Luckily, there are a host of successful treatments out there on the market which can assist in preventing hair loss as well as stimulating hair growth.
It's extremely important to note that time is of the essence when it comes to treatment: the sooner you start, the better results you'll get.
For women, the process is somewhat simpler as they can simply take oral anti-androgen medication, which basically block the effect of androgen hormones. (Note these should not be taken if the woman is pregnant).
According to Sinclair, there are also a number of a number of shampoos and conditioners on the market which can reduce hair loss and promote regrowth.
While women are likely to experience success with oral anti-androgens (90 percent, in fact) the process is not as straight forward for men due to the fact anti-androgen treatments are not just specific to the hair follicle. (In Sinclair's words: "if you give men anti-androgens, you'll emasculate them and that's horrible.")
For male hair loss, the prescription drug finasteride has been used for over 15 years and essentially works by "stopping the conversion of testosterone to dihydrotestosterone in the prostate, by blocking an enzyme called 5-alpha reductase."
Or in other, non-scientific jargon-y terms, it stops testosterone from being converted into a more active by-product dihydrotestosterone (DHT) which has a more profound effect on the androgen receptors.
By using finasteride, Sinclair says "you can block the conversion of testosterone to DHT, which is enough to stop the badness without emasculating men."
While Sinclair notes stopping the DHT production is enough to stop balding process in 98 percent men, around one in 200 taking finasteride may notice a reduction in their libido.
Minoxidil is another available treatment, originally developed in the 1950s as a tablet to treat high blood pressure. It is used as a lotion applied straight to the scalp and is "available over the counter in pharmacies for between A$15 and A$60 per month, depending on the brand".
"Minoxidil is moderately effective.It's nowhere as near as effective as the tablet but for some people, it will stop the hair loss and stimulate hair to regrow," Sinclair told HuffPost Australia.
"There are also some complaints because it is put in a base that makes the hair look oily and sticky. For those attempting to grow more hair, it can make their hair look worse," Sinclair continued.
"I have seen people take it for years and years with success, but many more than that found it too time consuming or didn't like the look or feel. In short, they would rather go bald than continue using it."
In terms of how the treatments compare, Sinclair sums it up best on his website.

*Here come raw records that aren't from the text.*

(* Let $n\ge1$. For an anticommutative pure basic sequence $\mathbf e$ of length $n$ in a signed group, let $s_+$ (resp. $s_-$) be the number of negative elements among $\{\mathbf e^{\mathbf p}:\mathbf p\in\{0,1\}^n\}$ when $\mathbf e$ is positive (resp. negative). Then: (1) $s_-=s_+$ if and only if $4\mid n$; in this case every pure anticommutative generator of length $n$ admits a replacement which is a pure anticommutative generator of the opposite signature. (2) $s_+=2^{n-1}-2^{n/2-1}\big(\cos\frac{n\pi}{4}+\sin\frac{n\pi}{4}\big)$ and $s_-=2^{n-1}-2^{n/2-1}\big(\cos\frac{n\pi}{4}-\sin\frac{n\pi}{4}\big)$.
   Context: A signed group is a group containing a central element $-1\neq1$ with $(-1)^2=1$ such that any two elements either commute or anticommute ($ef=-fe$) and each element $e$ has signature $e^2\in\{\pm1\}$ (positive if $e^2=1$, negative if $e^2=-1$); a sequence is pure if all its elements have the same signature (positive or negative). For $\mathbf p\in\{0,1\}^n$, $\mathbf e^{\mathbf p}=e_1^{p_1}\cdots e_n^{p_n}$. A sequence is basic if no $\mathbf e^{\mathbf p}$ with $\mathbf p\neq\mathbf0$ equals $\pm1$; a generator is a basic sequence, generating the group $\{\pm\mathbf e^{\mathbf p}\}$, and a replacement of a generator is another generator generating the same group. Anticommutative means any two distinct terms anticommute. *)

theory Defs
  imports Complex_Main "HOL-Algebra.Group"
begin

definition signed_group :: "('a, 'b) monoid_scheme \<Rightarrow> 'a \<Rightarrow> bool" where
  "signed_group G mo \<longleftrightarrow> group G \<and> mo \<in> carrier G \<and> mo \<noteq> \<one>\<^bsub>G\<^esub>
     \<and> mo \<otimes>\<^bsub>G\<^esub> mo = \<one>\<^bsub>G\<^esub>
     \<and> (\<forall>x\<in>carrier G. mo \<otimes>\<^bsub>G\<^esub> x = x \<otimes>\<^bsub>G\<^esub> mo)
     \<and> (\<forall>x\<in>carrier G. \<forall>y\<in>carrier G.
          x \<otimes>\<^bsub>G\<^esub> y = y \<otimes>\<^bsub>G\<^esub> x \<or> x \<otimes>\<^bsub>G\<^esub> y = mo \<otimes>\<^bsub>G\<^esub> (y \<otimes>\<^bsub>G\<^esub> x))
     \<and> (\<forall>x\<in>carrier G. x \<otimes>\<^bsub>G\<^esub> x = \<one>\<^bsub>G\<^esub> \<or> x \<otimes>\<^bsub>G\<^esub> x = mo)"

definition positive_el :: "('a, 'b) monoid_scheme \<Rightarrow> 'a \<Rightarrow> bool" where
  "positive_el G x \<longleftrightarrow> x \<otimes>\<^bsub>G\<^esub> x = \<one>\<^bsub>G\<^esub>"

definition negative_el :: "('a, 'b) monoid_scheme \<Rightarrow> 'a \<Rightarrow> 'a \<Rightarrow> bool" where
  "negative_el G mo x \<longleftrightarrow> x \<otimes>\<^bsub>G\<^esub> x = mo"

fun seq_pow :: "('a, 'b) monoid_scheme \<Rightarrow> 'a list \<Rightarrow> bool list \<Rightarrow> 'a" where
  "seq_pow G (x # xs) (b # bs) = (if b then x else \<one>\<^bsub>G\<^esub>) \<otimes>\<^bsub>G\<^esub> seq_pow G xs bs"
| "seq_pow G _ _ = \<one>\<^bsub>G\<^esub>"

definition exps :: "nat \<Rightarrow> bool list set" where
  "exps n = {p. length p = n}"

definition seq_in :: "('a, 'b) monoid_scheme \<Rightarrow> 'a list \<Rightarrow> bool" where
  "seq_in G es \<longleftrightarrow> set es \<subseteq> carrier G"

definition pure_pos :: "('a, 'b) monoid_scheme \<Rightarrow> 'a list \<Rightarrow> bool" where
  "pure_pos G es \<longleftrightarrow> (\<forall>x\<in>set es. positive_el G x)"

definition pure_neg :: "('a, 'b) monoid_scheme \<Rightarrow> 'a \<Rightarrow> 'a list \<Rightarrow> bool" where
  "pure_neg G mo es \<longleftrightarrow> (\<forall>x\<in>set es. negative_el G mo x)"

definition pure :: "('a, 'b) monoid_scheme \<Rightarrow> 'a \<Rightarrow> 'a list \<Rightarrow> bool" where
  "pure G mo es \<longleftrightarrow> pure_pos G es \<or> pure_neg G mo es"

definition basic :: "('a, 'b) monoid_scheme \<Rightarrow> 'a \<Rightarrow> 'a list \<Rightarrow> bool" where
  "basic G mo es \<longleftrightarrow> (\<forall>p\<in>exps (length es). p \<noteq> replicate (length es) False \<longrightarrow>
      seq_pow G es p \<noteq> \<one>\<^bsub>G\<^esub> \<and> seq_pow G es p \<noteq> mo)"

definition anticommutative :: "('a, 'b) monoid_scheme \<Rightarrow> 'a \<Rightarrow> 'a list \<Rightarrow> bool" where
  "anticommutative G mo es \<longleftrightarrow> (\<forall>i<length es. \<forall>j<length es. i \<noteq> j \<longrightarrow>
      es ! i \<otimes>\<^bsub>G\<^esub> es ! j = mo \<otimes>\<^bsub>G\<^esub> (es ! j \<otimes>\<^bsub>G\<^esub> es ! i))"

definition generator :: "('a, 'b) monoid_scheme \<Rightarrow> 'a \<Rightarrow> 'a list \<Rightarrow> bool" where
  "generator G mo es \<longleftrightarrow> seq_in G es \<and> basic G mo es"

definition gen_group :: "('a, 'b) monoid_scheme \<Rightarrow> 'a \<Rightarrow> 'a list \<Rightarrow> 'a set" where
  "gen_group G mo es = {x. \<exists>p\<in>exps (length es).
       x = seq_pow G es p \<or> x = mo \<otimes>\<^bsub>G\<^esub> seq_pow G es p}"

definition replacement :: "('a, 'b) monoid_scheme \<Rightarrow> 'a \<Rightarrow> 'a list \<Rightarrow> 'a list \<Rightarrow> bool" where
  "replacement G mo es fs \<longleftrightarrow> generator G mo fs \<and> gen_group G mo fs = gen_group G mo es"

definition neg_count :: "('a, 'b) monoid_scheme \<Rightarrow> 'a \<Rightarrow> 'a list \<Rightarrow> nat" where
  "neg_count G mo es = card {x \<in> seq_pow G es ` exps (length es). negative_el G mo x}"

end

theory Submission
  imports Defs
begin

text \<open>
  Signs are powers of \<open>mo\<close>, the element -1 of the paper. If every term of an
  anticommutative sequence squares to \<open>mo ^ \<sigma>\<close>, reordering the factors of \<open>e^p e^p\<close>
  gives \<open>(e^p)^2 = mo ^ (k choose 2 + \<sigma> k)\<close>, where \<open>k\<close> is the number of ones in \<open>p\<close>.
  Basicness makes \<open>p \<mapsto> e^p\<close> injective, so \<open>s_+\<close> and \<open>s_-\<close> count the bit strings of
  length \<open>n\<close> whose weight is 2 or 3, resp. 1 or 2, modulo 4. If \<open>c_r\<close> counts the weights
  congruent to \<open>r\<close>, then \<open>(c_0 - c_2) + i (c_1 - c_3) = (1 + i)^n = 2^(n/2) cis (n pi/4)\<close>
  and \<open>c_0 + c_2 = c_1 + c_3 = 2^(n-1)\<close>; this gives the formulas, and \<open>s_+ = s_-\<close> iff
  \<open>sin (n pi/4) = 0\<close> iff \<open>4 dvd n\<close>.

  If \<open>4 dvd n\<close>, the product \<open>w\<close> of all terms satisfies \<open>w^2 = 1\<close> and anticommutes with
  every term (as \<open>n - 1\<close> is odd), so \<open>f_i = w e_i\<close> is anticommutative with \<open>f_i^2 = -e_i^2\<close>.
  As \<open>w\<close> has even weight, each \<open>f^p\<close> is \<open>\<plusminus>e^q\<close> with \<open>q \<noteq> 0\<close> whenever \<open>p \<noteq> 0\<close>; hence \<open>f\<close>
  is basic and generates a subgroup of order \<open>2^(n+1)\<close> of the group generated by \<open>e\<close>,
  that is, the whole of it.
\<close>

section \<open>Bit strings by weight modulo 4\<close>

lemma finite_bool_lists_length: "finite {p :: bool list. length p = n \<and> P p}"
  using finite_lists_length_eq[of "UNIV :: bool set" n] by (rule rev_finite_subset) auto

lemma count_list_replicate: "count_list (replicate n x) y = (if x = y then n else 0)"
  by (induction n) auto

lemma count_list_True_eq_sum: "count_list p True = (\<Sum>j<length p. if p ! j then 1 else 0)"
  by (induction p) (simp_all add: sum.lessThan_Suc_shift del: sum.lessThan_Suc)

lemma map2_neq_eq_replicate_False_iff:
  "length p = length q \<Longrightarrow> map2 (\<noteq>) p q = replicate (length p) False \<longleftrightarrow> p = q"
  by (induction p q rule: list_induct2) auto

lemma Suc_choose_two: "Suc c choose 2 = (c choose 2) + c"
  by (simp add: numeral_2_eq_2)

lemma odd_choose_two_iff: "odd (c choose 2) \<longleftrightarrow> c mod 4 \<in> {2, 3}"
proof (induction c)
  case (Suc c)
  have "c mod 4 \<in> {0, 1, 2, 3}" by auto
  moreover have "odd c \<longleftrightarrow> c mod 4 = 1 \<or> c mod 4 = 3" by presburger
  ultimately show ?case using Suc by (auto simp: Suc_choose_two mod_Suc)
qed (simp add: numeral_2_eq_2)

lemma odd_choose_two_plus_iff: "odd ((c choose 2) + c) \<longleftrightarrow> c mod 4 \<in> {1, 2}"
proof -
  have "c mod 4 \<in> {0, 1, 2, 3}" by auto
  then show ?thesis
    using odd_choose_two_iff[of "Suc c"] by (auto simp: Suc_choose_two mod_Suc)
qed

definition count_mod4 :: "nat \<Rightarrow> nat \<Rightarrow> nat" where
  "count_mod4 n r = card {p :: bool list. length p = n \<and> count_list p True mod 4 = r}"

While finasteride works best at arresting progression of genetically programmed hair loss, some men will achieve partial regrowth. The sooner you begin treatment, the more hair there is to protect.
Minoxidil is better at stimulating new growth rather than preventing progression. A bit like the bank manager who lends an umbrella when the sun is shining, and wants it back when it starts to rain, minoxidil works better before you go bald. Men who still have hair regrow more hair than men who have lost it all.

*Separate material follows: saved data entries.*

(* Let $G$ be a group acting geometrically (i.e.\ properly and cocompactly by isometries) on a CAT(0) space $X$, and let $g\in G$ have infinite order. Then $$\mathcal{F}_g=L(Z_g)=\partial\operatorname{Min}(g).$$
   Context: $\partial X$ is the visual boundary of the (necessarily proper) CAT(0) space $X$ (asymptotic classes of geodesic rays, with the cone topology making $X\cup\partial X$ a compactification), and $g$ acts on it by $g(\xi(\infty))=(g\circ\xi)(\infty)$. $\mathcal{F}_g=\{\alpha\in\partial X\mid g\alpha=\alpha\}$. $Z_g=\{v\in G\mid gv=vg\}$ is the centralizer of $g$. For $A\subset G$, $L(A)=\overline{Ax_0}\cap\partial X$ (closure in $X\cup\partial X$, for any $x_0\in X$). $|g|=\inf_{x\in X}d(x,gx)$ and $\operatorname{Min}(g)=\{x\in X\mid d(x,gx)=|g|\}$; $\partial\operatorname{Min}(g)\subset\partial X$ is the set of boundary points represented by geodesic rays contained in the closed convex set $\operatorname{Min}(g)$. *)

theory Defs
  imports "HOL-Analysis.Analysis" "HOL-Algebra.Group"
begin

section \<open>CAT(0) spaces (the whole type 'a is the space X)\<close>

definition geodesic_seg :: "(real \<Rightarrow> 'a::metric_space) \<Rightarrow> 'a \<Rightarrow> 'a \<Rightarrow> bool" where
  "geodesic_seg \<gamma> x y \<longleftrightarrow> \<gamma> 0 = x \<and> \<gamma> (dist x y) = y \<and>
     (\<forall>s\<in>{0..dist x y}. \<forall>t\<in>{0..dist x y}. dist (\<gamma> s) (\<gamma> t) = \<bar>s - t\<bar>)"

text \<open>Pairs (point on a side, its comparison point) for the side \<gamma> of length d,
  whose comparison side in the Euclidean plane (complex numbers) runs from a' to b'.\<close>
definition side_pairs :: "(real \<Rightarrow> 'a::metric_space) \<Rightarrow> real \<Rightarrow> complex \<Rightarrow> complex \<Rightarrow> ('a \<times> complex) set" where
  "side_pairs \<gamma> d a' b' = {(\<gamma> s, a' + complex_of_real s * sgn (b' - a')) | s. 0 \<le> s \<and> s \<le> d}"

definition CAT0_ineq :: "'a::metric_space itself \<Rightarrow> bool" where
  "CAT0_ineq TYPE('a) \<longleftrightarrow>
    (\<forall>(x::'a) y z \<gamma>1 \<gamma>2 \<gamma>3 (x'::complex) y' z'.
       geodesic_seg \<gamma>1 x y \<and> geodesic_seg \<gamma>2 y z \<and> geodesic_seg \<gamma>3 z x \<and>
       dist x' y' = dist x y \<and> dist y' z' = dist y z \<and> dist z' x' = dist z x \<longrightarrow>
       (let T = side_pairs \<gamma>1 (dist x y) x' y' \<union> side_pairs \<gamma>2 (dist y z) y' z'
                \<union> side_pairs \<gamma>3 (dist z x) z' x'
        in \<forall>(p, p')\<in>T. \<forall>(q, q')\<in>T. dist p q \<le> dist p' q'))"

definition geodesic_space :: "'a::metric_space itself \<Rightarrow> bool" where
  "geodesic_space TYPE('a) \<longleftrightarrow> (\<forall>x y::'a. \<exists>\<gamma>. geodesic_seg \<gamma> x y)"

definition CAT0 :: "'a::metric_space itself \<Rightarrow> bool" where
  "CAT0 TYPE('a) \<longleftrightarrow> complete (UNIV::'a set) \<and> geodesic_space TYPE('a) \<and> CAT0_ineq TYPE('a)"

definition proper_space :: "'a::metric_space itself \<Rightarrow> bool" where
  "proper_space TYPE('a) \<longleftrightarrow> (\<forall>(x::'a) r. compact (cball x r))"

definition isometric_action :: "('g, 'm) monoid_scheme \<Rightarrow> ('g \<Rightarrow> 'a::metric_space \<Rightarrow> 'a) \<Rightarrow> bool" where
  "isometric_action G \<phi> \<longleftrightarrow>
     (\<forall>g\<in>carrier G. bij (\<phi> g) \<and> (\<forall>x y. dist (\<phi> g x) (\<phi> g y) = dist x y)) \<and>
     \<phi> \<one>\<^bsub>G\<^esub> = id \<and>
     (\<forall>g\<in>carrier G. \<forall>h\<in>carrier G. \<phi> (g \<otimes>\<^bsub>G\<^esub> h) = \<phi> g \<circ> \<phi> h)"

text \<open>Proper action (Bridson--Haefliger I.8.2).\<close>
definition properly_acting :: "('g, 'm) monoid_scheme \<Rightarrow> ('g \<Rightarrow> 'a::metric_space \<Rightarrow> 'a) \<Rightarrow> bool" where
  "properly_acting G \<phi> \<longleftrightarrow>
     (\<forall>x. \<exists>r>0. finite {g\<in>carrier G. \<phi> g ` ball x r \<inter> ball x r \<noteq> {}})"

definition cocompact_action :: "('g, 'm) monoid_scheme \<Rightarrow> ('g \<Rightarrow> 'a::metric_space \<Rightarrow> 'a) \<Rightarrow> bool" where
  "cocompact_action G \<phi> \<longleftrightarrow> (\<exists>K. compact K \<and> (\<forall>x. \<exists>g\<in>carrier G. x \<in> \<phi> g ` K))"

definition geometric_action :: "('g, 'm) monoid_scheme \<Rightarrow> ('g \<Rightarrow> 'a::metric_space \<Rightarrow> 'a) \<Rightarrow> bool" where
  "geometric_action G \<phi> \<longleftrightarrow> isometric_action G \<phi> \<and> properly_acting G \<phi> \<and> cocompact_action G \<phi>"

definition geodesic_ray :: "(real \<Rightarrow> 'a::metric_space) \<Rightarrow> bool" where
  "geodesic_ray c \<longleftrightarrow> (\<forall>s\<ge>0. \<forall>t\<ge>0. dist (c s) (c t) = \<bar>s - t\<bar>)"

definition asymptotic :: "(real \<Rightarrow> 'a::metric_space) \<Rightarrow> (real \<Rightarrow> 'a) \<Rightarrow> bool" where
  "asymptotic c c' \<longleftrightarrow> (\<exists>B. \<forall>t\<ge>0. dist (c t) (c' t) \<le> B)"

When used together, the combination of minoxidil and finasteride is a man's best chance to both arrest hair loss progression and maximise hair regrowth.

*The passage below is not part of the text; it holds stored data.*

lemma sum_ln_fact_root_minors:
  assumes "finite R" "finite C" "card R = card C" "f \<in> perm_terms R C P"
  shows "(\<Sum>i\<in>R. ln (card {k\<in>C. P i k}) + (\<Sum>j\<in>R - {i}. ln_fact_root (card {k\<in>C - {f i}. P j k})))
    = card C * (\<Sum>i\<in>R. ln_fact_root (card {k\<in>C. P i k}))"
proof -
  have bij: "bij_betw f R C"
    using perm_terms_bij_betw assms by blast
  have swap: "(\<Sum>i\<in>R. \<Sum>j\<in>R - {i}. ln_fact_root (card {k\<in>C - {f i}. P j k}))
      = (\<Sum>j\<in>R. \<Sum>i\<in>R - {j}. ln_fact_root (card {k\<in>C - {f i}. P j k}))"
    by (rule sum_sum_remove_swap[OF \<open>finite R\<close>])
  have "(\<Sum>i\<in>R. ln (card {k\<in>C. P i k}) + (\<Sum>j\<in>R - {i}. ln_fact_root (card {k\<in>C - {f i}. P j k})))
      = (\<Sum>j\<in>R. ln (card {k\<in>C. P j k}) + (\<Sum>i\<in>R - {j}. ln_fact_root (card {k\<in>C - {f i}. P j k})))"
    by (simp only: sum.distrib swap)
  also have "\<dots> = (\<Sum>j\<in>R. card C * ln_fact_root (card {k\<in>C. P j k}))"
  proof (rule sum.cong[OF refl])
    fix j assume "j \<in> R"
    then have "f j \<in> C" "P j (f j)"
      using assms(4) by (auto simp: perm_terms_def)
    have "bij_betw f (R - {j}) (C - {f j})"
      using bij_betw_DiffI[OF bij, of "{j}" "{f j}"] \<open>j \<in> R\<close> \<open>f j \<in> C\<close> by auto
    then have "(\<Sum>i\<in>R - {j}. ln_fact_root (card {k\<in>C - {f i}. P j k}))
        = (\<Sum>k\<in>C - {f j}. ln_fact_root (card {l\<in>C - {k}. P j l}))"
      by (rule sum.reindex_bij_betw)
    then show "ln (card {k\<in>C. P j k}) + (\<Sum>i\<in>R - {j}. ln_fact_root (card {k\<in>C - {f i}. P j k}))
        = card C * ln_fact_root (card {k\<in>C. P j k})"
      using sum_ln_fact_root_remove[OF \<open>finite C\<close> \<open>f j \<in> C\<close>, of "P j"] \<open>P j (f j)\<close> by simp
  qed
  also have "\<dots> = card C * (\<Sum>i\<in>R. ln_fact_root (card {k\<in>C. P i k}))"
    by (simp add: sum_distrib_left)
  finally show ?thesis .
qed

lemma card_perm_terms_fix:
  "i \<in> R \<Longrightarrow> k \<in> C \<Longrightarrow> P i k \<Longrightarrow>
    card {f \<in> perm_terms R C P. f i = k} = card (perm_terms (R - {i}) (C - {k}) P)"
  by (rule bij_betw_same_card[OF bij_betw_perm_terms_fix])

lemma card_perm_terms_le_of_minors:
  assumes "finite R" "finite C" "card R = card C" "R \<noteq> {}"
    and minors: "\<And>i k. i \<in> R \<Longrightarrow> k \<in> C \<Longrightarrow> P i k \<Longrightarrow> card (perm_terms (R - {i}) (C - {k}) P)
      \<le> exp (\<Sum>j\<in>R - {i}. ln_fact_root (card {l\<in>C - {k}. P j l}))"
  shows "card (perm_terms R C P) \<le> exp (\<Sum>i\<in>R. ln_fact_root (card {k\<in>C. P i k}))"
proof (cases "perm_terms R C P = {}")
  case True
  then show ?thesis by simp
next
  case False
  define S where "S = perm_terms R C P"
  define N where "N = real (card S)"
  define L where "L = (\<Sum>i\<in>R. ln_fact_root (card {k\<in>C. P i k}))"
  define fibre where "fibre i f = real (card {g\<in>S. g i = f i})" for i f
  have "finite S"
    using assms by (simp add: S_def finite_perm_terms)
  with False have "N > 0"
    by (simp add: S_def N_def card_gt_0_iff)
  have ln_fibre: "ln (fibre i f) \<le> (\<Sum>j\<in>R - {i}. ln_fact_root (card {k\<in>C - {f i}. P j k}))"
    if "f \<in> S" "i \<in> R" for f i
  proof -
    have "f i \<in> C" "P i (f i)"
      using that by (auto simp: S_def perm_terms_def)
    then have "fibre i f \<le> exp (\<Sum>j\<in>R - {i}. ln_fact_root (card {k\<in>C - {f i}. P j k}))"
      using minors[OF \<open>i \<in> R\<close>] card_perm_terms_fix[of i R "f i" C P] \<open>i \<in> R\<close>
      by (simp add: fibre_def S_def)
    moreover have "fibre i f > 0"
      using that \<open>finite S\<close> by (auto simp: fibre_def card_gt_0_iff)
    ultimately show ?thesis
      by (simp add: ln_le_iff_le_exp)
  qed
  have entropy: "N * ln N \<le> N * ln (card {k\<in>C. P i k}) + (\<Sum>f\<in>S. ln (fibre i f))" if "i \<in> R" for i
    using card_ln_card_le_sum_ln_card_fibres[OF \<open>finite S\<close>, of "{k\<in>C. P i k}" "\<lambda>f. f i"] that assms
    by (auto simp: N_def fibre_def S_def perm_terms_def)
  have "card R * (N * ln N) \<le> (\<Sum>i\<in>R. N * ln (card {k\<in>C. P i k}) + (\<Sum>f\<in>S. ln (fibre i f)))"
    using sum_mono[OF entropy] by simp
  also have "\<dots> = (\<Sum>f\<in>S. \<Sum>i\<in>R. ln (card {k\<in>C. P i k}) + ln (fibre i f))"
    by (simp add: N_def sum.distrib sum_distrib_left sum.swap[of _ S])
  also have "\<dots> \<le> (\<Sum>f\<in>S. \<Sum>i\<in>R.
      ln (card {k\<in>C. P i k}) + (\<Sum>j\<in>R - {i}. ln_fact_root (card {k\<in>C - {f i}. P j k})))"
    using ln_fibre by (intro sum_mono add_left_mono)
  also have "\<dots> = (\<Sum>f\<in>S. card R * L)"
    using sum_ln_fact_root_minors[OF assms(1-3)] assms(3)
    by (intro sum.cong) (simp_all add: S_def L_def)
  also have "\<dots> = card R * (N * L)"
    by (simp add: N_def)
  finally have "ln N \<le> L"
    using \<open>N > 0\<close> \<open>finite R\<close> \<open>R \<noteq> {}\<close> by (simp add: card_gt_0_iff)
  then show ?thesis
    using ln_le_iff_le_exp[OF \<open>N > 0\<close>] by (simp add: N_def S_def L_def)
qed

theorem card_perm_terms_le_bregman:
  assumes "finite R" "finite C" "card R = card C"
  shows "card (perm_terms R C P) \<le> exp (\<Sum>i\<in>R. ln_fact_root (card {k\<in>C. P i k}))"
  using assms
proof (induction "card R" arbitrary: R C)
  case 0
  then have "perm_terms R C P \<subseteq> {\<lambda>_. undefined}"
    by (auto simp: perm_terms_def)
  then have "card (perm_terms R C P) \<le> card {\<lambda>_::'a. undefined :: 'b}"
    by (rule card_mono[rotated]) simp
  with 0 show ?case by simp
next
  case (Suc n R C)
  show ?case
  proof (rule card_perm_terms_le_of_minors[OF Suc.prems])
    show "R \<noteq> {}"
      using Suc.hyps(2) by auto
    show "card (perm_terms (R - {i}) (C - {k}) P)
        \<le> exp (\<Sum>j\<in>R - {i}. ln_fact_root (card {l\<in>C - {k}. P j l}))"
      if "i \<in> R" "k \<in> C" "P i k" for i k
      using Suc that by (intro Suc.hyps(1)) auto
  qed
qed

There are also numerous treatments currently being trialed for wider use or, in more extreme cases, someone may consider (the much more expensive) options of hair transplant surgery or follicular unit extraction.
If you are worried about hair loss, go and see a dermatologist who specialises in the area, or visit a hair loss clinic.
As is the case with many things, when it comes to hair loss, prevention is easier than the cure, so if it's something you're concerned about, it's better to act sooner rather than later.
And always seek medical advice before undertaking treatment.